What you have to do —
Looking through the listing below, state how many lines have the word "Longrightarrow" in them. Only the number should be given.

Entries supplied —
(* Let $\rho>-1$, and for $t\in\mathbb R$ let $\tilde a_n=\tilde a_n(t)>0$ ($n\ge1$, $\tilde a_0=0$) be the recurrence coefficients in $\tilde a_{n+1}\tilde p_{n+1}(u)=u\tilde p_n(u)-\tilde a_n\tilde p_{n-1}(u)$ of the orthonormal polynomials for the weight $|u|^{2\rho+1}\exp(-u^4/4-tu^2)$ on $\mathbb R$. Then for every $n\ge1$, $v=\tilde a_n^2$ satisfies the Painlevé IV equation $$\ddot v=\frac{\dot v^2}{2v}+\frac{3v^3}{2}+4tv^2+2(t^2-\alpha)v+\frac{\beta}{v}$$ with $$\alpha=-\frac n2-(2\rho+1)\frac{1+3(-1)^n}{4},\qquad \beta=-\frac{\big(n+(2\rho+1)\,\mathrm{odd}(n)\big)^2}{2},$$ where $\mathrm{odd}(n)=(1-(-1)^n)/2$.
   Context: Dots denote $d/dt$. *)

theory Defs
  imports "HOL-Analysis.Analysis" "HOL-Computational_Algebra.Polynomial"
begin

definition pIV_weight :: "real \<Rightarrow> real \<Rightarrow> real \<Rightarrow> real" where
  "pIV_weight \<rho> t u = \<bar>u\<bar> powr (2 * \<rho> + 1) * exp (- (u ^ 4) / 4 - t * u ^ 2)"

definition orthonormal_polys :: "(real \<Rightarrow> real) \<Rightarrow> (nat \<Rightarrow> real poly) \<Rightarrow> bool" where
  "orthonormal_polys w p \<longleftrightarrow>
     (\<forall>n. degree (p n) = n \<and> lead_coeff (p n) > 0) \<and>
     (\<forall>m n. integrable lborel (\<lambda>u. poly (p m) u * poly (p n) u * w u) \<and>
            (LINT u|lborel. poly (p m) u * poly (p n) u * w u) = (if m = n then 1 else 0))"

end

theory Submission
  imports Defs
begin

(* Write b_k = a_k^2, V(u) = u^4/4 + t u^2, and L q for the integral of q against the weight
   w(u) = |u|^(2 rho + 1) exp (- V(u)).  Computing L (V' P_n P_(n-1)) once through the three-term
   recurrence and once by integrating (u |u|^(2 rho + 1) exp (- V(u)) R(u))' = 0, where u R = P_n P_(n-1),
   gives Freud's equation  b_n (b_(n+1) + b_n + b_(n-1) + 2 t) = n + (2 rho + 1) odd(n).
   Since d/dt w = - u^2 w, differentiating the moments gives b_1' = - b_1 b_2; Freud's equation
   determines b_(k+2) from b_(k+1) and b_k, so by induction all b_k obey the Toda equations
   b_k' = - b_k (b_(k+1) - b_(k-1)).  Differentiating b_n' once more and eliminating b_(n-2), b_(n+2)
   and b_(n-1) + b_(n+1) with the Freud equations at n - 1, n, n + 1 leaves Painleve IV. *)

section \<open>Orthonormal polynomials with a recurrence without diagonal term\<close>

locale orthonormal_three_term =
  fixes w :: "real \<Rightarrow> real" and P :: "nat \<Rightarrow> real poly" and A :: "nat \<Rightarrow> real"
  assumes orthonormal: "orthonormal_polys w P"
    and A_0: "A 0 = 0"
    and A_pos: "\<And>k. k \<ge> 1 \<Longrightarrow> A k > 0"
    and three_term: "\<And>k u. A (k + 1) * poly (P (k + 1)) u = u * poly (P k) u - A k * poly (P (k - 1)) u"
begin

lemma degree_P: "degree (P n) = n"
  and lead_coeff_P_pos: "lead_coeff (P n) > 0"
  using orthonormal unfolding orthonormal_polys_def by blast+

lemma lead_coeff_P_nonzero: "lead_coeff (P n) \<noteq> 0"
  using lead_coeff_P_pos[of n] by linarith

lemma P_0: "P 0 = [:lead_coeff (P 0):]"
  using degree_P[of 0] by (metis degree_0_id)

lemma P_span:
  assumes "degree q \<le> m"
  shows "\<exists>c. q = (\<Sum>i\<le>m. smult (c i) (P i))"
proof -
  have "\<exists>c. q = (\<Sum>i<m. smult (c i) (P i))" if "\<And>i. i \<ge> m \<Longrightarrow> coeff q i = 0" for q m
    using that
  proof (induction m arbitrary: q)
    case 0
    then have "q = 0" by (simp add: poly_eq_iff)
    then show ?case by simp
  next
    case (Suc m)
    define k where "k = coeff q m / lead_coeff (P m)"
    define r where "r = q - smult k (P m)"
    have "coeff r i = 0" if "i \<ge> m" for i
      using Suc.prems[of i] that degree_P[of m] lead_coeff_P_nonzero[of m]
      by (cases "i = m") (auto simp: r_def k_def coeff_eq_0)
    then obtain c where c: "r = (\<Sum>i<m. smult (c i) (P i))"
      using Suc.IH by blast
    have "(\<Sum>i<m. smult ((c(m := k)) i) (P i)) = (\<Sum>i<m. smult (c i) (P i))"
      by (rule sum.cong) auto
    then have "q = (\<Sum>i<Suc m. smult ((c(m := k)) i) (P i))"
      using c by (simp add: r_def)
    then show ?case by blast
  qed
  moreover have "coeff q i = 0" if "i \<ge> Suc m" for i
    using assms that by (simp add: coeff_eq_0)
  ultimately obtain c where "q = (\<Sum>i<Suc m. smult (c i) (P i))"
    by blast
  then show ?thesis
    by (auto simp: lessThan_Suc_atMost)
qed

lemma integrable_P_P: "integrable lborel (\<lambda>u. poly (P m) u * poly (P n) u * w u)"
  and integral_P_P: "(LINT u|lborel. poly (P m) u * poly (P n) u * w u) = (if m = n then 1 else 0)"
  using orthonormal unfolding orthonormal_polys_def by auto

lemma integrable_poly_weight: "integrable lborel (\<lambda>u. poly q u * w u)"
proof -
  have P_weight: "integrable lborel (\<lambda>u. poly (P i) u * w u)" for i
  proof -
    have "(\<lambda>u. poly (P i) u * w u) = (\<lambda>u. poly (P i) u * poly (P 0) u * w u / lead_coeff (P 0))"
      using lead_coeff_P_nonzero[of 0] by (subst P_0) simp
    then show ?thesis
      using integrable_P_P[of i 0] by simp
  qed
  obtain c where c: "q = (\<Sum>i\<le>degree q. smult (c i) (P i))"
    using P_span by blast
  have q_weight: "poly q u * w u = (\<Sum>i\<le>degree q. c i * (poly (P i) u * w u))" for u
    using arg_cong[OF c, of "\<lambda>r. poly r u * w u"] by (simp add: poly_sum sum_distrib_right mult.assoc)
  show ?thesis
    unfolding q_weight by (intro Bochner_Integration.integrable_sum integrable_mult_right P_weight)
qed

definition L :: "real poly \<Rightarrow> real" where
  "L q = (LINT u|lborel. poly q u * w u)"

lemma L_add [simp]: "L (q + r) = L q + L r"
  unfolding L_def using integrable_poly_weight[of q] integrable_poly_weight[of r]
  by (simp add: distrib_right)

lemma L_smult [simp]: "L (smult c q) = c * L q"
  unfolding L_def by (simp add: mult.assoc)

lemma L_diff [simp]: "L (q - r) = L q - L r"
  using L_add[of q "- r"] L_smult[of "-1" r] by simp

lemma L_0 [simp]: "L 0 = 0"
  by (simp add: L_def)

lemma L_sum: "L (\<Sum>i\<in>S. f i) = (\<Sum>i\<in>S. L (f i))"
  by (induction S rule: infinite_finite_induct) auto

lemma L_P_P [simp]: "L (P m * P n) = (if m = n then 1 else 0)"
  unfolding L_def using integral_P_P[of m n] by (simp add: mult.assoc)

lemma L_mult_P:
  assumes "degree q \<le> m"
  shows "L (q * P m) = coeff q m / lead_coeff (P m)"
proof -
  obtain c where c: "q = (\<Sum>i\<le>m. smult (c i) (P i))"
    using P_span[OF assms] by blast
  have "L (q * P m) = c m"
    by (subst c) (simp add: sum_distrib_right L_sum if_distrib cong: if_cong)
  moreover have "coeff q m = c m * lead_coeff (P m)"
  proof -
    have "coeff q m = (\<Sum>i\<le>m. c i * coeff (P i) m)"
      by (subst c) (simp add: coeff_sum)
    also have "\<dots> = (\<Sum>i\<in>{m}. c i * coeff (P i) m)"
      by (rule sum.mono_neutral_right) (auto simp: degree_P coeff_eq_0)
    finally show ?thesis by (simp add: degree_P)
  qed
  ultimately show ?thesis
    using lead_coeff_P_nonzero[of m] by simp
qed

lemma L_mult_P_lower: "degree q < m \<Longrightarrow> L (q * P m) = 0"
  using L_mult_P[of q m] by (simp add: coeff_eq_0)

lemma X_mult_P: "[:0, 1:] * P k = smult (A (k + 1)) (P (k + 1)) + smult (A k) (P (k - 1))"
  using three_term[of k] by (simp add: poly_eq_poly_eq_iff[symmetric] fun_eq_iff algebra_simps)

lemma A_eq_lead_coeff_ratio:
  assumes "k \<ge> 1"
  shows "A k = lead_coeff (P (k - 1)) / lead_coeff (P k)"
proof -
  obtain j where j: "k = j + 1"
    using assms by (metis add.commute le_Suc_ex)
  have "lead_coeff (P j) = coeff ([:0, 1:] * P j) (j + 1)"
    by (simp add: degree_P)
  also have "\<dots> = A (j + 1) * lead_coeff (P (j + 1))"
    unfolding X_mult_P by (simp add: degree_P coeff_eq_0)
  finally show ?thesis
    using j lead_coeff_P_nonzero[of k] by (simp add: field_simps)
qed

text \<open>As the recurrence has no diagonal term, \<open>P k\<close> has the parity of \<open>k\<close>.\<close>
lemma poly_P_odd_0:
  assumes "odd k"
  shows "poly (P k) 0 = 0"
proof -
  have "poly (P (2 * j + 1)) 0 = 0" for j
  proof (induction j)
    case 0
    show ?case using three_term[of 0 0] A_0 A_pos[of 1] by simp
  next
    case (Suc j)
    then show ?case
      using three_term[of "2 * j + 2" 0] A_pos[of "2 * j + 3"] by (simp add: numeral_3_eq_3)
  qed
  then show ?thesis
    using assms by (metis oddE)
qed

lemma P_odd_eq_X_mult:
  assumes "odd k"
  obtains s where "P k = [:0, 1:] * s"
proof -
  have "[:- 0, 1:] dvd P k"
    using poly_P_odd_0[OF assms] poly_eq_0_iff_dvd by blast
  then show ?thesis
    using that by (auto elim: dvdE)
qed

lemma L_X_P_Suc_P: "L ([:0, 1:] * P (k + 1) * P k) = A (k + 1)"
  unfolding X_mult_P by (simp add: distrib_right)

lemma L_X3_P_Suc_P:
  "L ([:0, 0, 0, 1:] * P (k + 1) * P k) = A (k + 1) * (A (k + 2)^2 + A (k + 1)^2 + A k^2)"
proof -
  have "[:0, 0, 0, 1:] * P (k + 1) * P k = ([:0, 1:] * ([:0, 1:] * P (k + 1))) * ([:0, 1:] * P k)"
    by (simp add: algebra_simps)
  then show ?thesis
    by (simp only: X_mult_P distrib_left distrib_right mult_smult_left mult_smult_right L_add L_smult)
      (cases k, simp_all add: A_0 algebra_simps power2_eq_square)
qed

lemma L_pderiv_P_P:
  assumes "n \<ge> 1"
  shows "L (pderiv (P n) * P (n - 1)) = real n / A n"
proof -
  have "degree (pderiv (P n)) \<le> n - 1"
    by (simp add: degree_pderiv degree_P)
  then have "L (pderiv (P n) * P (n - 1)) = coeff (pderiv (P n)) (n - 1) / lead_coeff (P (n - 1))"
    by (rule L_mult_P)
  also have "coeff (pderiv (P n)) (n - 1) = real n * lead_coeff (P n)"
    using assms by (simp add: coeff_pderiv degree_P)
  finally show ?thesis
    using assms lead_coeff_P_nonzero[of n] by (simp add: A_eq_lead_coeff_ratio)
qed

Problem solution —
3